* _Aim of the task_
Print exactly, and only, the lines running from the line containing "using transversality_relation[OF assms(1,2)" through the end of the records below.

* _Supplied records_
● ● ● ● ●

lemma non_affine_sqs_sim_iff:
  fixes \<tau> \<tau>' :: "bit ^ 'n::finite \<Rightarrow> bit ^ 'n"
  assumes "bij \<tau>" "\<tau> 0 = 0" "bij \<tau>'" "\<tau>' 0 = 0"
    and "\<not> affine_SQS \<tau> \<or> \<not> affine_SQS \<tau>'" and "bij \<pi>"
  shows "sqs_sim \<pi> \<tau> \<tau>' \<longleftrightarrow>
      (\<exists>a A b B. invertible A \<and> invertible B \<and> \<pi> = sigma2 a A b B \<and> \<tau>' = conj_perm B \<tau> A)
    \<or> (\<exists>a A b B. invertible A \<and> invertible B \<and> \<pi> = sigma2 a A b B \<circ> xi \<and> \<tau>' = conj_perm B (inv \<tau>) A)"
proof
  assume sim: "sqs_sim \<pi> \<tau> \<tau>'"
  then have "\<not> affine_SQS \<tau>" "\<not> affine_SQS \<tau>'"
    using assms(5) affine_SQS_sqs_sim_iff[OF assms(6)] by blast+
  then have "\<not> Modules.additive \<tau>" "\<not> Modules.additive \<tau>'"
    using additive_imp_affine_SQS assms(1,3) by blast+
  then show "(\<exists>a A b B. invertible A \<and> invertible B \<and> \<pi> = sigma2 a A b B \<and> \<tau>' = conj_perm B \<tau> A)
    \<or> (\<exists>a A b B. invertible A \<and> invertible B \<and> \<pi> = sigma2 a A b B \<circ> xi \<and> \<tau>' = conj_perm B (inv \<tau>) A)"
    by (intro sqs_sim_classification assms(1-4,6) sim)
next
  assume "(\<exists>a A b B. invertible A \<and> invertible B \<and> \<pi> = sigma2 a A b B \<and> \<tau>' = conj_perm B \<tau> A)
    \<or> (\<exists>a A b B. invertible A \<and> invertible B \<and> \<pi> = sigma2 a A b B \<circ> xi \<and> \<tau>' = conj_perm B (inv \<tau>) A)"
  then show "sqs_sim \<pi> \<tau> \<tau>'"
    using sqs_sim_sigma2[where \<tau> = \<tau>, OF _ _ assms(2)] sqs_sim_sigma2_xi[OF _ _ assms(1,2)] by auto
qed
theorem mainTheorem9:
  fixes U :: "(real \<times> real) set" and f :: "real \<times> real \<Rightarrow> real"
  assumes "open U" and "C2_on U f"
    and eq: "\<forall>p\<in>U. (let x = fst p; y = snd p in
        2 * (x - 2 * py f p) * (y + 2 * px f p) * (py (py f) p - px (px f) p)
        + (1 - 2 * py (px f) p) * (y + 2 * px f p)^2
        + (x - 2 * py f p)^2 * (1 + 2 * py (px f) p) = 0)"
  shows "((\<forall>p\<in>U. fst p - 2 * py f p \<noteq> 0) \<longrightarrow>
           (let g = (\<lambda>p. (snd p + 2 * px f p) / (fst p - 2 * py f p)) in
              has_partials_on U g \<and> (\<forall>p\<in>U. py g p = g p * px g p)))
       \<and> ((\<forall>p\<in>U. snd p + 2 * px f p \<noteq> 0) \<longrightarrow>
           (let h = (\<lambda>p. (fst p - 2 * py f p) / (snd p + 2 * px f p)) in
              has_partials_on U h \<and> (\<forall>p\<in>U. px h p = h p * py h p)))"
proof -
  define u where "u = (\<lambda>q. snd q + 2 * px f q)"
  define v where "v = (\<lambda>q. fst q - 2 * py f q)"
  have "has_partials_on U (px f)" "has_partials_on U (py f)"
    using assms(2) unfolding C2_on_def C1_on_def by auto
  then have u: "has_partials_on U u" and v: "has_partials_on U v"
    unfolding u_def v_def by (auto intro: affine_shift_partials)
  have rel: "v p * (v p * py u p - u p * py v p) = u p * (v p * px u p - u p * px v p)"
    and rel': "u p * (u p * px v p - v p * px u p) = v p * (u p * py v p - v p * py u p)"
    if p: "p \<in> U" for p
  proof -
    show rel: "v p * (v p * py u p - u p * py v p) = u p * (v p * px u p - u p * px v p)"
      using transversality_relation[OF assms(1,2) p] eq p unfolding u_def v_def by (simp add: Let_def)
    then show "u p * (u p * px v p - v p * px u p) = v p * (u p * py v p - v p * py u p)"
      by (simp add: algebra_simps)
  qed
  show ?thesis
    using quotient_has_partials[OF u v] quotient_burgers_y[OF u v _ _ rel]
      quotient_has_partials[OF v u] quotient_burgers_x[OF v u _ _ rel']
    unfolding u_def v_def Let_def by blast
qed

end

● ● ● ● ●

* _Response to the task_
      using transversality_relation[OF assms(1,2) p] eq p unfolding u_def v_def by (simp add: Let_def)
    then show "u p * (u p * px v p - v p * px u p) = v p * (u p * py v p - v p * py u p)"
      by (simp add: algebra_simps)
  qed
  show ?thesis
    using quotient_has_partials[OF u v] quotient_burgers_y[OF u v _ _ rel]
      quotient_has_partials[OF v u] quotient_burgers_x[OF v u _ _ rel']
    unfolding u_def v_def Let_def by blast
qed

end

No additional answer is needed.